Brownlie, G. 1957: Cyto-taxonomic studies on New Zealand Pteridaceae. New Phytologist 56: 207–209.
Brownsey, P.J.; Chinnock, R.J. 1984: A taxonomic revision of the New Zealand species of Hypolepis. New Zealand Journal of Botany 22(1): 43–80.
Brownsey, P.J.; Chinnock, R.J. 1987: A taxonomic revision of the Australian species of Hypolepis. Journal of the Adelaide Botanic Gardens 10: 1–30.
Brownsey, P.J.; Perrie, L.R. 2018: Dennstaedtiaceae. In: Breitwieser, I.; Wilton, A.D. (ed.) Flora of New Zealand — Ferns and Lycophytes. Fascicle 19. Manaaki Whenua Press, Lincoln.
Colenso, W. 1845: A classification and description of some newly discovered ferns, collected in the Northern Island of New Zealand, in the summer of 1841–2. Tasmanian Journal of Natural Science 2: 161–189.
Colenso, W. 1884: A further contribution towards making known the botany of New Zealand. Transactions and Proceedings of the New Zealand Institute 16: 325–363.

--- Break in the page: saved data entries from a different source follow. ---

text \<open>Relators: E is free abelian on e_0, e_1, ... (commutators), and the HNN relations
  a x a^-1 = phi(x) for x running over the basis m e_0, e_i - r_i(xi) e_0 (i \<ge> 1) of E_{m,xi}.\<close>

inductive relator :: "nat \<Rightarrow> (nat \<Rightarrow> int) \<Rightarrow> word \<Rightarrow> bool" for m xi where
  comm: "relator m xi [(GE i, True), (GE j, True), (GE i, False), (GE j, False)]"
| hnn0: "relator m xi ([(GA, True)] @ epow 0 (int m) @ [(GA, False)] @ [(GE 1, False)])"
| hnn: "i \<ge> 1 \<Longrightarrow> relator m xi
          ([(GA, True)] @ [(GE i, True)] @ epow 0 (- r_fun m xi i) @ [(GA, False)] @ [(GE (Suc i), False)])"

inductive geq :: "nat \<Rightarrow> (nat \<Rightarrow> int) \<Rightarrow> word \<Rightarrow> word \<Rightarrow> bool" for m xi where
  refl: "geq m xi u u"
| sym: "geq m xi u v \<Longrightarrow> geq m xi v u"
| trans: "geq m xi u v \<Longrightarrow> geq m xi v w \<Longrightarrow> geq m xi u w"
| ctxt: "geq m xi u v \<Longrightarrow> geq m xi (x @ u @ y) (x @ v @ y)"
| cancel: "geq m xi [(g, b), (g, \<not> b)] []"
| rel: "relator m xi r \<Longrightarrow> geq m xi r []"

definition in_E :: "nat \<Rightarrow> (nat \<Rightarrow> int) \<Rightarrow> word \<Rightarrow> bool" where
  "in_E m xi w \<longleftrightarrow> (\<exists>v. (\<forall>l \<in> set v. fst l \<noteq> GA) \<and> geq m xi w v)"

definition wword :: "nat \<Rightarrow> int \<Rightarrow> (nat \<Rightarrow> int) \<Rightarrow> word" where
  "wword n c u = replicate (Suc n) (GA, True) @ epow 0 c
     @ concat (map (\<lambda>i. [(GA, False)] @ epow 0 (- u i)) [1..<Suc n]) @ [(GA, False)]"

end

theory Submission
  imports Defs "HOL-Library.Poly_Mapping"
begin

text \<open>
  The proof has three ingredients.
  (1) Telescoping inside the group: the relations a (m e_0) a^-1 = e_1 and
  a (e_j - r_j e_0) a^-1 = e_(j+1), together with their inverses, collapse w(s m, u) for
  s = 1 or -1 from the inside out.  As long as u_j = s r_j for j < k, the word equals the
  partial word a^(n+1-k) e_k^s (e_0^-u_k a^-1) ... (e_0^-u_n a^-1).  If t = r throughout,
  w = e_(n+1) and w' = e_(n+1)^-1, so w lies in E and the commutator is trivial.
  (2) A normal form for the left cosets of E: the coset s_1 ... s_k E is written as a
  reduced sequence of syllables e_0^c a (c arbitrary) and e_0^c a^-1 (0 <= c < m).  The
  generators act on such sequences, every relator acts trivially, hence equal words act
  equally; elements of E fix the empty sequence, which represents E itself.
  (3) If k is the first index with t_k ~= r_k, the element e_k^s e_0^(-s t_k) is not in
  the associated subgroup E_(m,xi), so the partial word at stage k sends the empty sequence
  to a sequence starting with a.  Hence w is not in E and the commutator moves the coset E.
  Thus (i), (ii) and (iii) all hold when t = r and all fail otherwise.
\<close>

text \<open>The free abelian group E is modelled by finitely supported maps nat => int; x is the
  vector with coordinates coord x i, and vec i k stands for k e_i.\<close>

abbreviation coord :: "(nat \<Rightarrow>\<^sub>0 int) \<Rightarrow> nat \<Rightarrow> int" where
  "coord \<equiv> Poly_Mapping.lookup"
text \<open>A Kempe switch in \<open>G1\<close> acts on a chain \<open>K\<close>. If \<open>K\<close> contains none of the edges along which
  \<open>G1\<close> is glued to \<open>G2\<close>, it is also a chain of the composed graph. Otherwise \<open>K\<close> contains all
  gluing edges of its two colours, and \<open>K\<close> together with all edges of \<open>G2\<close> of these colours is a
  union of chains of the composed graph; switching it switches \<open>K\<close> and composes the colouring of
  \<open>G2\<close> with a transposition. Switches in \<open>G2\<close> are handled in the same way, followed by a global
  transposition that restores the colouring of \<open>G1\<close>. So the composition of \<open>c1\<close> and \<open>d1\<close> is
  equivalent to the gluing of \<open>c2\<close> with \<open>\<sigma> \<circ> d2\<close> for some colour permutation \<open>\<sigma>\<close> that,
  like the prescribed one, matches the colours at the gluing edges. Two such permutations differ
  by a permutation fixing a colour, i.e.\ by the identity or by the transposition of two colours
  absent from the gluing edges, and the latter is a switch of all chains of these colours in
  \<open>G2\<close>.\<close>

lemma swap_col_eq_transpose: "swap_col a b = transpose a b"
  by (auto simp: swap_col_def transpose_def)

lemma swap_col_swap_col [simp]: "swap_col a b (swap_col a b k) = k"
  by (auto simp: swap_col_def)

lemma swap_col_other: "k \<notin> {a, b} \<Longrightarrow> swap_col a b k = k"
  by (simp add: swap_col_def)

lemma swap_col_permutes: "a \<in> S \<Longrightarrow> b \<in> S \<Longrightarrow> swap_col a b permutes S"
  by (simp add: swap_col_eq_transpose permutes_swap_id)

lemma inj_swap_col: "inj p \<Longrightarrow> p (swap_col a b k) = swap_col (p a) (p b) (p k)"
  by (auto simp: swap_col_def dest: injD)

lemma permutes_123_fixing:
  assumes "\<rho> permutes {1, 2, 3 :: nat}" and "k \<in> {1, 2, 3}" and "\<rho> k = k"
  obtains "\<rho> = id"
  | a b where "a \<in> {1, 2, 3}" "b \<in> {1, 2, 3}" "a \<noteq> b" "\<rho> = swap_col a b"
proof -
  obtain a b where ab: "{1, 2, 3} - {k} = {a, b}" "a \<noteq> b"
  proof -
    from assms(2) consider "k = 1" | "k = 2" | "k = 3" by blast
    then show thesis
    proof cases
      case 1
      show thesis by (rule that[of 2 3]) (simp_all add: 1 insert_Diff_if)
    next
      case 2
      show thesis by (rule that[of 1 3]) (auto simp: 2)
    next
      case 3
      show thesis by (rule that[of 1 2]) (auto simp: 3)
    qed
  qed
  have "x = k" if "x \<in> {1, 2, 3} - {a, b}" for x
    using that ab(1) by blast
  then have "\<rho> permutes {a, b}"
    using assms(1) assms(3) permutes_superset by metis
  then have "\<rho> = id \<or> \<rho> = swap_col a b"
    by (simp add: permutes_doubleton_iff swap_col_eq_transpose)
  moreover have "a \<in> {1, 2, 3}" "b \<in> {1, 2, 3}"
    using ab(1) by blast+
  ultimately show thesis
    using that(1) that(2)[of a b] ab(2) by blast
qed

abbreviation meet :: "('v, 'e) mgraph \<Rightarrow> 'e \<Rightarrow> 'e \<Rightarrow> bool" where
  "meet G e f \<equiv> ends G e \<inter> ends G f \<noteq> {}"

definition kempe_switch :: "nat \<Rightarrow> nat \<Rightarrow> 'e set \<Rightarrow> ('e \<Rightarrow> nat) \<Rightarrow> 'e \<Rightarrow> nat" where
  "kempe_switch a b T c = (\<lambda>e. if e \<in> T then swap_col a b (c e) else c e)"

text \<open>The sets closed in this sense are exactly the unions of edge-Kempe chains for the
  colours \<open>a\<close>, \<open>b\<close>.\<close>

definition kempe_closed :: "('v, 'e) mgraph \<Rightarrow> ('e \<Rightarrow> nat) \<Rightarrow> nat \<Rightarrow> nat \<Rightarrow> 'e set \<Rightarrow> bool" where
  "kempe_closed G c a b T \<longleftrightarrow> T \<subseteq> edges G \<and> (\<forall>e \<in> T. c e \<in> {a, b}) \<and>
     (\<forall>e f. e \<in> T \<longrightarrow> ab_adj G c a b e f \<longrightarrow> f \<in> T)"

lemma kempe_equiv_refl: "kempe_equiv G c c"
  by (simp add: kempe_equiv_def)

lemma kempe_equiv_trans [trans]:
  "kempe_equiv G c c' \<Longrightarrow> kempe_equiv G c' c'' \<Longrightarrow> kempe_equiv G c c''"
  unfolding kempe_equiv_def by (rule rtranclp_trans)

lemma kempe_step_iff:
  "kempe_step G c c' \<longleftrightarrow> (\<exists>a b e. a \<in> {1, 2, 3} \<and> b \<in> {1, 2, 3} \<and> a \<noteq> b \<and>
     e \<in> edges G \<and> c e \<in> {a, b} \<and> c' = kempe_switch a b (kempe_chain G c a b e) c)"
  by (simp add: kempe_step_def kempe_switch_def)

lemma kempe_switch_empty [simp]: "kempe_switch a b {} c = c"
  by (simp add: kempe_switch_def)

lemma kempe_closed_empty [simp]: "kempe_closed G c a b {}"
  by (simp add: kempe_closed_def)

lemma ab_adj_sym: "ab_adj G c a b e f \<longleftrightarrow> ab_adj G c a b f e"
  by (auto simp: ab_adj_def)

lemma kempe_closedD:
  assumes "kempe_closed G c a b T" "e \<in> T" "f \<in> edges G" "c f \<in> {a, b}" "meet G e f"
  shows "f \<in> T"
  using assms unfolding kempe_closed_def ab_adj_def by blast
(* Let $\beta\in(0,2)$, $v\in C([0,1],L(\mathbb{R}^d,\mathbb{R}^n))$ and $w\in\mathcal{C}^\beta(\mathbb{R}^d)$. Then the series $\pi_<(v,w):=\sum_{p=0}^\infty S_{p-1}v\,\Delta_pw$ converges uniformly, $\pi_<(v,w)\in\mathcal{C}^\beta(\mathbb{R}^n)$, and $\|\pi_<(v,w)\|_\beta\lesssim\|v\|_\infty\|w\|_\beta$.
   Context: Index set: pairs $(p,m)$ with either $p=-1,m=0$, or $p\in\mathbb{N}=\{0,1,2,\dots\}$ and $0\le m\le 2^p$. For $p\in\mathbb{N}$, $1\le m\le 2^p$ set $t^0_{pm}=(m-1)2^{-p}$, $t^1_{pm}=(2m-1)2^{-p-1}$, $t^2_{pm}=m2^{-p}$. Rescaled Haar functions: for $p\in\mathbb{N}$, $1\le m\le 2^p$, $\chi_{pm}=2^p$ on $[t^0_{pm},t^1_{pm})$, $=-2^p$ on $[t^1_{pm},t^2_{pm})$, $=0$ elsewhere; $\chi_{00}\equiv1$; $\chi_{p0}\equiv0$ for $p\ge1$. Rescaled Schauder functions: $\varphi_{pm}(t)=\int_0^t\chi_{pm}(s)\,ds$ for $p\in\mathbb{N}$, and $\varphi_{-10}\equiv1$. For continuous $f:[0,1]\to E$ ($E$ a finite-dimensional normed space), coefficients: $f_{-10}=f(0)$, $f_{00}=f(1)-f(0)$, $f_{p0}=0$ for $p\ge1$, $f_{pm}=2f(t^1_{pm})-f(t^0_{pm})-f(t^2_{pm})$ for $p\in\mathbb{N},m\ge1$. Schauder blocks: $\Delta_pf=\sum_{m=0}^{2^p}f_{pm}\varphi_{pm}$ ($p\ge-1$), $S_pf=\sum_{q=-1}^p\Delta_qf$ (so $S_{-1}f\equiv f(0)$ and $S_pf$ is the piecewise linear interpolation of $f$ at the points $k2^{-p-1}$). For $\alpha>0$, $\|f\|_\alpha:=\sup_{p,m}2^{p\alpha}|f_{pm}|$ and $\mathcal{C}^\alpha(E):=\{f\in C([0,1],E):\|f\|_\alpha<\infty\}$. $\|\cdot\|_\infty$ is the sup norm; $\lesssim$ hides a constant independent of the functions. *)

theory Defs
  imports "HOL-Analysis.Analysis"
begin
text \<open>By induction on \<open>t\<close> it suffices to show that one step of sample EM, evaluated at random
  parameters converging in probability to \<open>p\<close>, converges in probability to the population EM step
  at \<open>p\<close>. Each component of the sample step is a ratio of averages \<open>(1/n) \<Sum> c (Y i) q *\<^sub>R h (Y i)\<close>
  with weight \<open>c\<close> equal to \<open>v_d\<close> or \<open>1 - v_d\<close> and \<open>h y\<close> equal to \<open>1\<close> or \<open>y\<close>. At the fixed
  parameter \<open>p\<close> these averages converge by the weak law of large numbers, since the Gaussian
  mixture has a second moment. The weights are logistic functions of differences of squared
  distances, hence Lipschitz in the parameter with a constant linear in \<open>norm y\<close>; so moving from
  \<open>p\<close> to the random parameter costs a random Lipschitz constant of bounded expectation times the
  parameter error. Finally the population denominators are positive, so taking ratios is
  continuous at the limit.\<close>

section \<open>Convergence in probability\<close>

text \<open>Convergence in probability in outer measure: the exceptional events need not be measurable,
  only covered by measurable sets of small measure.\<close>

definition conv_in_prob :: "'a measure \<Rightarrow> (nat \<Rightarrow> 'a \<Rightarrow> 'b::metric_space) \<Rightarrow> 'b \<Rightarrow> bool" where
  "conv_in_prob M X c \<longleftrightarrow> (\<forall>\<epsilon>>0. \<forall>\<delta>>0. \<forall>\<^sub>F n in sequentially. \<exists>A\<in>sets M.
      {\<omega>\<in>space M. \<epsilon> < dist (X n \<omega>) c} \<subseteq> A \<and> measure M A \<le> \<delta>)"
text \<open>A rooted spanning forest of the graph, given by its reflexive ancestor relation \<open>anc\<close>,
  the depth \<open>d\<close> of the vertices and a nested interval labelling \<open>[pre v, post v]\<close> (discovery and
  finishing times of a depth-first search).\<close>
locale normal_forest =
  fixes V :: "'a set" and E :: "'a \<Rightarrow> 'a \<Rightarrow> bool" and anc :: "'a \<Rightarrow> 'a \<Rightarrow> bool"
    and d pre post :: "'a \<Rightarrow> nat"
  assumes ancestor_in_V: "anc x y \<Longrightarrow> x \<in> V \<and> y \<in> V"
    and ancestor_refl: "x \<in> V \<Longrightarrow> anc x x"
    and ancestor_trans: "anc x y \<Longrightarrow> anc y z \<Longrightarrow> anc x z"
    and ancestor_less: "anc x y \<Longrightarrow> x \<noteq> y \<Longrightarrow> d x < d y \<and> pre x < pre y \<and> post y \<le> post x"
    and ancestors_linear: "anc x z \<Longrightarrow> anc y z \<Longrightarrow> anc x y \<or> anc y x"
    and parent_exists: "y \<in> V \<Longrightarrow> 0 < d y \<Longrightarrow> \<exists>p. anc p y \<and> d p + 1 = d y \<and> E p y"
    and edge_comparable: "E x y \<Longrightarrow> anc x y \<or> anc y x"
    and pre_le_post: "x \<in> V \<Longrightarrow> pre x \<le> post x"
    and incomparable_disjoint:
      "x \<in> V \<Longrightarrow> y \<in> V \<Longrightarrow> \<not> anc x y \<Longrightarrow> \<not> anc y x \<Longrightarrow> post x < pre y \<or> post y < pre x"
begin

lemma ancestor_at_depth: "y \<in> V \<Longrightarrow> k \<le> d y \<Longrightarrow> \<exists>z. anc z y \<and> d z = k"
proof (induction "d y - k" arbitrary: y)
  case 0
  then show ?case using ancestor_refl by auto
next
  case (Suc m)
  obtain p where p: "anc p y" "d p + 1 = d y" "E p y"
    using parent_exists Suc.prems Suc.hyps(2) by fastforce
  have "m = d p - k" "k \<le> d p"
    using p(2) Suc.hyps(2) by linarith+
  then obtain z where "anc z p" "d z = k"
    using Suc.hyps(1) ancestor_in_V[OF p(1)] by blast
  then show ?case using ancestor_trans p(1) by blast
qed

lemma ancestor_depth_unique: "anc x z \<Longrightarrow> anc y z \<Longrightarrow> d x = d y \<Longrightarrow> x = y"
  using ancestors_linear ancestor_less by (metis less_irrefl)

lemma adjacent_if_child:
  assumes "anc v w" "d w = d v + 1"
  shows "E v w"
proof -
  obtain p where "anc p w" "d p + 1 = d w" "E p w"
    using parent_exists ancestor_in_V assms by fastforce
  with assms show ?thesis
    using ancestor_depth_unique by auto
qed

end

text \<open>Adding a new root \<open>r\<close> to a normal forest of \<open>F - r\<close>: the trees whose root is adjacent to
  \<open>r\<close> are hung below \<open>r\<close>, which is normal as long as every neighbour of \<open>r\<close> lies in such a tree.\<close>
locale forest_extension = normal_forest V E anc d pre post for V E anc d pre post +
  fixes F :: "'a \<Rightarrow> 'a \<Rightarrow> bool" and r :: 'a
  assumes finite_V: "finite V"
    and new_root: "r \<notin> V"
    and edges_restrict: "E x y \<longleftrightarrow> F x y \<and> x \<noteq> r \<and> y \<noteq> r"
    and F_sym: "F x y \<Longrightarrow> F y x"
    and F_in: "F x y \<Longrightarrow> x \<in> insert r V \<and> y \<in> insert r V"
    and neighbour_root_adjacent: "F r y \<Longrightarrow> anc z y \<Longrightarrow> d z = 0 \<Longrightarrow> F r z"
begin

definition attached :: "'a set" where
  "attached = {y. \<exists>z. anc z y \<and> d z = 0 \<and> F r z}"

definition post_bound :: nat where
  "post_bound = Max (insert 0 (post ` V))"

definition ext_anc :: "'a \<Rightarrow> 'a \<Rightarrow> bool" where
  "ext_anc x y \<longleftrightarrow> (x = r \<and> (y = r \<or> y \<in> attached)) \<or> anc x y"

definition ext_depth :: "'a \<Rightarrow> nat" where
  "ext_depth y = (if y = r then 0 else if y \<in> attached then d y + 1 else d y)"

definition ext_pre :: "'a \<Rightarrow> nat" where
  "ext_pre y = (if y = r then 0 else if y \<in> attached then pre y + 1 else pre y + post_bound + 2)"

de Lange, P.J.; Rolfe, J.R.; Barkla J.W.; Courtney, S.P.; Champion, P.D.; Perrie, L.R.; Beadel, S.N.; Ford, K.A.; Breitwieser, I.; Schönberger, I.; Hindmarsh-Walls, R.; Heenan, P.B.; Ladley, K. 2018: Conservation status of New Zealand indigenous vascular plants, 2017. New Zealand Threat Classification Series No. 22. [Not Threatened]
de Lange, P.J.; Rolfe, J.R.; Champion, P.D.; Courtney, S.P.; Heenan, P.B.; Barkla, J.W.; Cameron, E.K.; Norton, D.A.; Hitchmough, R.A. 2013: Conservation status of New Zealand indigenous vascular plants, 2012. New Zealand Threat Classification Series 3. Department of Conservation, Wellington. [Not Threatened]
Schwartsburd, P.B.; Prado, J. 2014: Subspecies of Hypolepis rugosula (Dennstaedtiaceae; Pteridophyta) around the world: morphological and biogeographic perspectives. Acta Botanica Brasilica 28: 206–226.
Wakefield, N.A. 1956: New combinations in some Australasian ferns. 2. Victorian Naturalist 72: 159–160.